Adil Kadyrzhanov

Personal information
- Full name: Adil Ruslanovich Kadyrzhanov
- Date of birth: 14 July 2000 (age 24)
- Place of birth: Saratov, Russia
- Height: 1.79 m (5 ft 10 in)
- Position(s): Defensive midfielder

Team information
- Current team: FC Dordoi Bishkek

Youth career
- Dordoi Bishkek

Senior career*
- Years: Team / Apps / (Gls)
- 2019–2022: Alga Bishkek / 45 / (2)
- 2023–: Dordoi Bishkek / 23 / (0)

International career^{‡}
- 2023–: Kyrgyzstan / 3 / (0)

= Adil Kadyrzhanov =

Kyrgyzstani footballer

Adil Ruslanovich Kadyrzhanov (Адыл Кадыржанов; Адиль Русланович Кадыржанов; born 14 July 2000) is a football player who plays as a defensive midfielder for Dordoi Bishkek.

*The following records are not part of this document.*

lemma move_along_grid_line:
  assumes u: "grid_vertex u" and ij: "i \<in> S u" "j \<in> S u" "i \<noteq> j" and k: "k \<in> I"
    and D: "(g i \<times> g j) \<bullet> g k \<noteq> 0" and m: "m \<in> \<int>"
  defines "z \<equiv> u + ((m - coord u k) / ((g i \<times> g j) \<bullet> g k)) *\<^sub>R (g i \<times> g j)"
  shows "grid_vertex z" "i \<in> S z" "j \<in> S z" "k \<in> S z"
    "coord z i = coord u i" "coord z j = coord u j" "coord z k = m"
    "norm (z - u) \<le> \<bar>m - coord u k\<bar> * delta_max"
    "\<exists>n. real n \<le> grid_norm (z - u) + real N + 1 \<and> nbr_dist_le (tile u) (tile z) n"
proof -
  let ?h = "g i \<times> g j"
  have hij: "?h \<bullet> g i = 0" "?h \<bullet> g j = 0" by (simp_all add: dot_cross_self)
  have kij: "k \<noteq> i" "k \<noteq> j" using D hij by auto
  have I2: "i \<in> I" "j \<in> I" using ij S_subset[of u] by auto
  have coord_z: "coord z q = coord u q + ((m - coord u k) / (?h \<bullet> g k)) * (?h \<bullet> g q)" for q
    by (simp add: z_def coord_add)
  show zi: "coord z i = coord u i" "coord z j = coord u j" using coord_z hij by simp_all
  show zk: "coord z k = m" using coord_z[of k] D by simp
  show S: "i \<in> S z" "j \<in> S z" "k \<in> S z" using zi zk ij I2 k m by (auto simp: S_eq)
  show z: "grid_vertex z" by (rule grid_vertex_if_subset_S[of i j k]) (use S kij ij(3) in auto)
  have "norm (z - u) = \<bar>m - coord u k\<bar> * delta3 g i j k"
    by (simp add: z_def delta3_def hvec_def abs_divide)
  also have "\<dots> \<le> \<bar>m - coord u k\<bar> * delta_max"
    using delta3_le_delta_max[OF I2 k] by (intro mult_left_mono) auto
  finally show "norm (z - u) \<le> \<bar>m - coord u k\<bar> * delta_max" .
  show "\<exists>n. real n \<le> grid_norm (z - u) + real N + 1 \<and> nbr_dist_le (tile u) (tile z) n"
    using nbr_dist_le_along_grid_line[OF u z ij(3) ij(1,2) S(1,2)] zi by simp
qed

lemma approach_plane:
  assumes u: "grid_vertex u" and ij: "i \<in> S u" "j \<in> S u" "i \<noteq> j" and k: "k \<in> S v"
    and D: "(g i \<times> g j) \<bullet> g k \<noteq> 0" and uv: "norm (v - u) \<le> R"
  obtains w n where "grid_vertex w" "i \<in> S w" "j \<in> S w" "k \<in> S w"
    "coord w i = coord u i" "coord w j = coord u j" "coord w k = coord v k"
    "norm (v - w) \<le> R + delta_max * R"
    "real n \<le> real N * (delta_max * R) + real N + 1" "nbr_dist_le (tile u) (tile w) n"
proof -
  have kI: "k \<in> I" using k S_subset[of v] by auto
  have "coord v k \<in> \<int>" using k by (simp add: S_eq)
  define w where "w = u + ((coord v k - coord u k) / ((g i \<times> g j) \<bullet> g k)) *\<^sub>R (g i \<times> g j)"
  note w = move_along_grid_line[OF u ij kI D \<open>coord v k \<in> \<int>\<close>, folded w_def]
  have "\<bar>coord v k - coord u k\<bar> \<le> R"
    using abs_inner_g_le_norm[OF kI, of "v - u"] coord_diff[of v k u] uv by simp
  hence wu: "norm (w - u) \<le> delta_max * R"
    using w(8) delta_max_nonneg by (smt (verit) mult_right_mono mult.commute)
  have "norm (v - w) \<le> norm (v - u) + norm (w - u)" using norm_triangle_ineq4[of "v - u" "w - u"] by simp
  hence vw: "norm (v - w) \<le> R + delta_max * R" using wu uv by simp
  obtain n where n: "real n \<le> grid_norm (w - u) + real N + 1" "nbr_dist_le (tile u) (tile w) n"
    using w(9) by blast
  have "grid_norm (w - u) \<le> real N * (delta_max * R)"
    using grid_norm_le_norm[of "w - u"] wu by (smt (verit) mult_left_mono of_nat_0_le_iff)
  hence "real n \<le> real N * (delta_max * R) + real N + 1" using n(1) by simp
  thus ?thesis using that[OF w(1-7) vw _ n(2)] by simp
qed
(* Let $N, N_y, M, p \in \mathbb{N}$ with $p\le N$, $X \in \mathbb{R}^{N \times M}$, $Y \in \mathbb{R}^{N_y \times M}$, $\lambda \ge 0$, $\Omega=\{1,\dots,N\}$, let $\bar S_0\subset\cdots\subset\bar S_p$ with feasible sets $\mathcal{I}_1,\dots,\mathcal{I}_p$ be a greedy sequence, and let $\xi^{(k)},\theta^{(k)},\Xi^{(k)},\Theta^{(k)}$ be defined as in the context. Let $f_i^{(k)} := \|(Q^{xy}_i(\bar S_k))^\top\|^2$ and $g_i^{(k)} := Q^{xx}_{i,i}(\bar S_k)$. Then for any $k\in\{1,\dots,p\}$ and $i \in \mathcal{I}_k$, \begin{align*} f_i^{(k)} &= f_i^{(k-1)} - \xi^{(k)}_i\Bigl(2X_iY^\top\theta^{(k)} - 2\,\Xi^{(k-1)}_i \Theta^{(k-1)\top}\theta^{(k)} - \|\theta^{(k)}\|^2 \xi^{(k)}_i\Bigr),\\ g_i^{(k)} &= g_i^{(k-1)} - \xi^{(k)}_i\xi^{(k)}_i. \end{align*}
   Context: Notation: for a matrix $A$ and an ordered index set $S$, $A_S$ is the submatrix of rows indexed by $S$, $A_{S,S}$ the principal submatrix; $A_i$ is row $i$ of $A$, $A_{i,i}$ its $(i,i)$ entry; $v_i$ is the $i$th component of vector $v$; $\|\cdot\|$ is the Euclidean norm; $(I_N)_s^\top$ is the $s$th canonical unit vector. $P^{xx} = XX^\top + \lambda I_N$, $P^{xy} = XY^\top$. $Q^{xx}(\emptyset)=P^{xx}$, $Q^{xy}(\emptyset)=P^{xy}$, and for $|S|\ge1$ with $P^{xx}_{S,S}\succ0$: $Q^{xx}(S) = P^{xx} - (P^{xx}_S)^\top (P^{xx}_{S,S})^{-1} P^{xx}_S$, $Q^{xy}(S) = P^{xy} - (P^{xx}_S)^\top (P^{xx}_{S,S})^{-1} P^{xy}_S$. $J(S) = \operatorname{tr}\{ Y X_S^\top (X_S X_S^\top + \lambda I_{|S|})^{-1} X_S Y^\top \}$ for feasible $S$, $J(\emptyset)=0$. Greedy sequence: $\bar S_0=\emptyset$; for $k=1,\dots,p$, $\mathcal{I}_k = \{ i\in\Omega\setminus\bar S_{k-1} : P^{xx}_{S',S'}\succ0,\ S'=\bar S_{k-1}\cup\{i\}\}$ (assumed nonempty), $\bar s_k \in \arg\max_{i\in\mathcal{I}_k}\{J(\bar S_{k-1}\cup\{i\}) - J(\bar S_{k-1})\}$, $\bar S_k = \bar S_{k-1}\cup\{\bar s_k\}$. Recursion, starting from empty $\Xi^{(0)}\in\mathbb{R}^{N\times0}$, $\Theta^{(0)}\in\mathbb{R}^{N_y\times0}$ (products with them equal to zero): $\delta^{(k)} = X X_{\bar s_k}^\top + \lambda (I_N)_{\bar s_k}^\top - \Xi^{(k-1)}(\Xi^{(k-1)}_{\bar s_k})^\top$, $\xi^{(k)} = \delta^{(k)}/\sqrt{\delta^{(k)}_{\bar s_k}}$, $\theta^{(k)} = (Y X_{\bar s_k}^\top - \Theta^{(k-1)}(\Xi^{(k-1)}_{\bar s_k})^\top)/\sqrt{\delta^{(k)}_{\bar s_k}}$, $\Xi^{(k)}=[\Xi^{(k-1)},\xi^{(k)}]$, $\Theta^{(k)}=[\Theta^{(k-1)},\theta^{(k)}]$. *)

theory Defs
  imports "Jordan_Normal_Form.Gauss_Jordan_Elimination" "Jordan_Normal_Form.DL_Submatrix"
begin

text \<open>Matrices are Jordan_Normal_Form matrices; indices are 0-based, so
  Omega = {0..<N}. Rows of a matrix indexed by a set S are taken in increasing
  order (the quantities below do not depend on the order).\<close>

definition Pxx :: "real mat \<Rightarrow> real \<Rightarrow> real mat" where
  "Pxx X lam = X * transpose_mat X + lam \<cdot>\<^sub>m 1\<^sub>m (dim_row X)"

definition Pxy :: "real mat \<Rightarrow> real mat \<Rightarrow> real mat" where
  "Pxy X Y = X * transpose_mat Y"

definition rows_of :: "'a mat \<Rightarrow> nat set \<Rightarrow> 'a mat" where
  "rows_of A S = submatrix A S UNIV"

definition prin_sub :: "'a mat \<Rightarrow> nat set \<Rightarrow> 'a mat" where
  "prin_sub A S = submatrix A S S"

definition pos_def_mat :: "real mat \<Rightarrow> bool" where
  "pos_def_mat A \<longleftrightarrow> A \<in> carrier_mat (dim_row A) (dim_row A) \<and>
     (\<forall>v \<in> carrier_vec (dim_row A). v \<noteq> 0\<^sub>v (dim_row A) \<longrightarrow> v \<bullet> (A *\<^sub>v v) > 0)"

definition minv :: "real mat \<Rightarrow> real mat" where
  "minv A = the (mat_inverse A)"

definition mtrace :: "real mat \<Rightarrow> real" where
  "mtrace A = (\<Sum>i<dim_row A. A $$ (i, i))"

definition feasible :: "real mat \<Rightarrow> real \<Rightarrow> nat set \<Rightarrow> bool" where
  "feasible X lam S \<longleftrightarrow> pos_def_mat (prin_sub (Pxx X lam) S)"

definition Qxx :: "real mat \<Rightarrow> real \<Rightarrow> nat set \<Rightarrow> real mat" where
  "Qxx X lam S = (if S = {} then Pxx X lam else
     Pxx X lam - transpose_mat (rows_of (Pxx X lam) S) * minv (prin_sub (Pxx X lam) S)
                 * rows_of (Pxx X lam) S)"

definition Qxy :: "real mat \<Rightarrow> real mat \<Rightarrow> real \<Rightarrow> nat set \<Rightarrow> real mat" where
  "Qxy X Y lam S = (if S = {} then Pxy X Y else
     Pxy X Y - transpose_mat (rows_of (Pxx X lam) S) * minv (prin_sub (Pxx X lam) S)
                 * rows_of (Pxy X Y) S)"

definition Jfun :: "real mat \<Rightarrow> real mat \<Rightarrow> real \<Rightarrow> nat set \<Rightarrow> real" where
  "Jfun X Y lam S = (if S = {} then 0 else
     mtrace (Y * transpose_mat (rows_of X S)
       * minv (rows_of X S * transpose_mat (rows_of X S) + lam \<cdot>\<^sub>m 1\<^sub>m (card S))
       * rows_of X S * transpose_mat Y))"

definition Sbar :: "(nat \<Rightarrow> nat) \<Rightarrow> nat \<Rightarrow> nat set" where
  "Sbar sb k = sb ` {1..k}"

definition Ifeas :: "real mat \<Rightarrow> real \<Rightarrow> (nat \<Rightarrow> nat) \<Rightarrow> nat \<Rightarrow> nat set" where
  "Ifeas X lam sb k = {i \<in> {0..<dim_row X} - Sbar sb (k - 1).
       feasible X lam (Sbar sb (k - 1) \<union> {i})}"

definition is_greedy :: "real mat \<Rightarrow> real mat \<Rightarrow> real \<Rightarrow> nat \<Rightarrow> (nat \<Rightarrow> nat) \<Rightarrow> bool" where
  "is_greedy X Y lam p sb \<longleftrightarrow> (\<forall>k \<in> {1..p}.
      Ifeas X lam sb k \<noteq> {} \<and> sb k \<in> Ifeas X lam sb k \<and>
      (\<forall>i \<in> Ifeas X lam sb k.
         Jfun X Y lam (Sbar sb (k - 1) \<union> {i}) - Jfun X Y lam (Sbar sb (k - 1))
         \<le> Jfun X Y lam (Sbar sb k) - Jfun X Y lam (Sbar sb (k - 1))))"

text \<open>The recursion: XiTh X Y lam sb k = (Xi^(k), Theta^(k)), each a list of k
  columns; a column xi^(l) is a function i \<mapsto> xi^(l)_i (i < N), and theta^(l)
  is j \<mapsto> theta^(l)_j (j < N_y). Column l-1 of the lists is xi^(l).\<close>
fun XiTh :: "real mat \<Rightarrow> real mat \<Rightarrow> real \<Rightarrow> (nat \<Rightarrow> nat) \<Rightarrow> nat
    \<Rightarrow> (nat \<Rightarrow> real) list \<times> (nat \<Rightarrow> real) list" where
  "XiTh X Y lam sb 0 = ([], [])"
| "XiTh X Y lam sb (Suc k) =
    (let (Xi, Th) = XiTh X Y lam sb k;
         s = sb (Suc k);
         d = (\<lambda>i. (X * transpose_mat X) $$ (i, s) + (if i = s then lam else 0)
                  - (\<Sum>l<k. (Xi ! l) i * (Xi ! l) s));
         r = sqrt (d s);
         xi = (\<lambda>i. d i / r);
         th = (\<lambda>j. ((Y * transpose_mat X) $$ (j, s) - (\<Sum>l<k. (Th ! l) j * (Xi ! l) s)) / r)
     in (Xi @ [xi], Th @ [th]))"

definition xi :: "real mat \<Rightarrow> real mat \<Rightarrow> real \<Rightarrow> (nat \<Rightarrow> nat) \<Rightarrow> nat \<Rightarrow> nat \<Rightarrow> real" where
  "xi X Y lam sb k = fst (XiTh X Y lam sb k) ! (k - 1)"

definition theta :: "real mat \<Rightarrow> real mat \<Rightarrow> real \<Rightarrow> (nat \<Rightarrow> nat) \<Rightarrow> nat \<Rightarrow> nat \<Rightarrow> real" where
  "theta X Y lam sb k = snd (XiTh X Y lam sb k) ! (k - 1)"

definition f_val :: "real mat \<Rightarrow> real mat \<Rightarrow> real \<Rightarrow> (nat \<Rightarrow> nat) \<Rightarrow> nat \<Rightarrow> nat \<Rightarrow> real" where
  "f_val X Y lam sb k i = (\<Sum>j<dim_row Y. (Qxy X Y lam (Sbar sb k) $$ (i, j))^2)"

definition g_val :: "real mat \<Rightarrow> real \<Rightarrow> (nat \<Rightarrow> nat) \<Rightarrow> nat \<Rightarrow> nat \<Rightarrow> real" where
  "g_val X lam sb k i = Qxx X lam (Sbar sb k) $$ (i, i)"

end

(*
  The recursion for xi and theta is symmetric Gaussian elimination: with
  R_k = P^xx - Xi^(k) Xi^(k)^T, R^xy_k = P^xy - Xi^(k) Theta^(k)^T and pivot s = sb (k+1),
  one has xi^(k+1) = R_k e_s / sqrt (R_k(s,s)), hence
  R_(k+1) = R_k - R_k e_s e_s^T R_k / R_k(s,s) and similarly for R^xy.
  By induction each residual has the form B - P^xx_(.,S) L and vanishes on the rows in
  S = Sbar k.  Since P^xx_(S,S) is positive definite, these two properties determine the
  Schur complement uniquely, so Q^xx(Sbar k) = R_k and Q^xy(Sbar k) = R^xy_k.  The same
  representation exhibits the next pivot R_k(s,s) as the quadratic form of P^xx_(S+s,S+s)
  at e_s - L(.,s) /= 0, so it is positive.  The two identities are then the diagonal and
  the squared row norm of the rank-one updates R_k = R_(k-1) - xi^(k) xi^(k)^T and
  R^xy_k = R^xy_(k-1) - xi^(k) theta^(k)^T.
*)

theory Submission
  imports Defs "Jordan_Normal_Form.Determinant"
begin

lemma bij_betw_pick:
  assumes "finite S"
  shows "bij_betw (pick S) {..<card S} S"
proof (rule bij_betw_imageI)
  show "inj_on (pick S) {..<card S}"
  proof (rule inj_onI)
    fix x y assume x: "x \<in> {..<card S}" and y: "y \<in> {..<card S}" and e: "pick S x = pick S y"
    have "x = card {a\<in>S. a < pick S x}" using card_pick_le x by simp
    also have "\<dots> = y" using e card_pick_le y by simp
    finally show "x = y" .
  qed
  show "pick S ` {..<card S} = S"
  proof
    show "pick S ` {..<card S} \<subseteq> S" using pick_in_set_le by auto
    show "S \<subseteq> pick S ` {..<card S}"
    proof
      fix t assume t: "t \<in> S"
      have "{a\<in>S. a < t} \<subset> S" using t by auto
      then have "card {a\<in>S. a < t} < card S" by (rule psubset_card_mono[OF assms])
      moreover have "t = pick S (card {a\<in>S. a < t})" using pick_card_in_set[OF t] by simp
      ultimately show "t \<in> pick S ` {..<card S}" by blast
    qed
  qed
qed

lemma sum_pick: "finite S \<Longrightarrow> (\<Sum>a<card S. f (pick S a)) = sum f S"
  using sum.reindex_bij_betw[OF bij_betw_pick] by blast

lemma
  assumes P: "P \<in> carrier_mat N N" and S: "S \<subseteq> {..<N}"
  shows carrier_prin_sub: "prin_sub P S \<in> carrier_mat (card S) (card S)"
    and index_prin_sub: "a < card S \<Longrightarrow> b < card S \<Longrightarrow> prin_sub P S $$ (a, b) = P $$ (pick S a, pick S b)"
proof -
  have rows: "{i. i < dim_row P \<and> i \<in> S} = S" and cols: "{i. i < dim_col P \<and> i \<in> S} = S"
    using P S by auto
  show "prin_sub P S \<in> carrier_mat (card S) (card S)"
    unfolding prin_sub_def by (rule carrier_matI) (simp_all only: dim_submatrix rows cols)
  show "a < card S \<Longrightarrow> b < card S \<Longrightarrow> prin_sub P S $$ (a, b) = P $$ (pick S a, pick S b)"
    unfolding prin_sub_def by (rule submatrix_index) (simp_all only: rows cols)
qed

Born in Russia, he represents the Kyrgyzstan national team.

==International career==
Kadyrzhanov made his debut for the senior Kyrgyzstan national team on 25 December 2023 in a friendly against Uzbekistan.

He was included in Kyrgyzstan's squad for the 2023 AFC Asian Cup.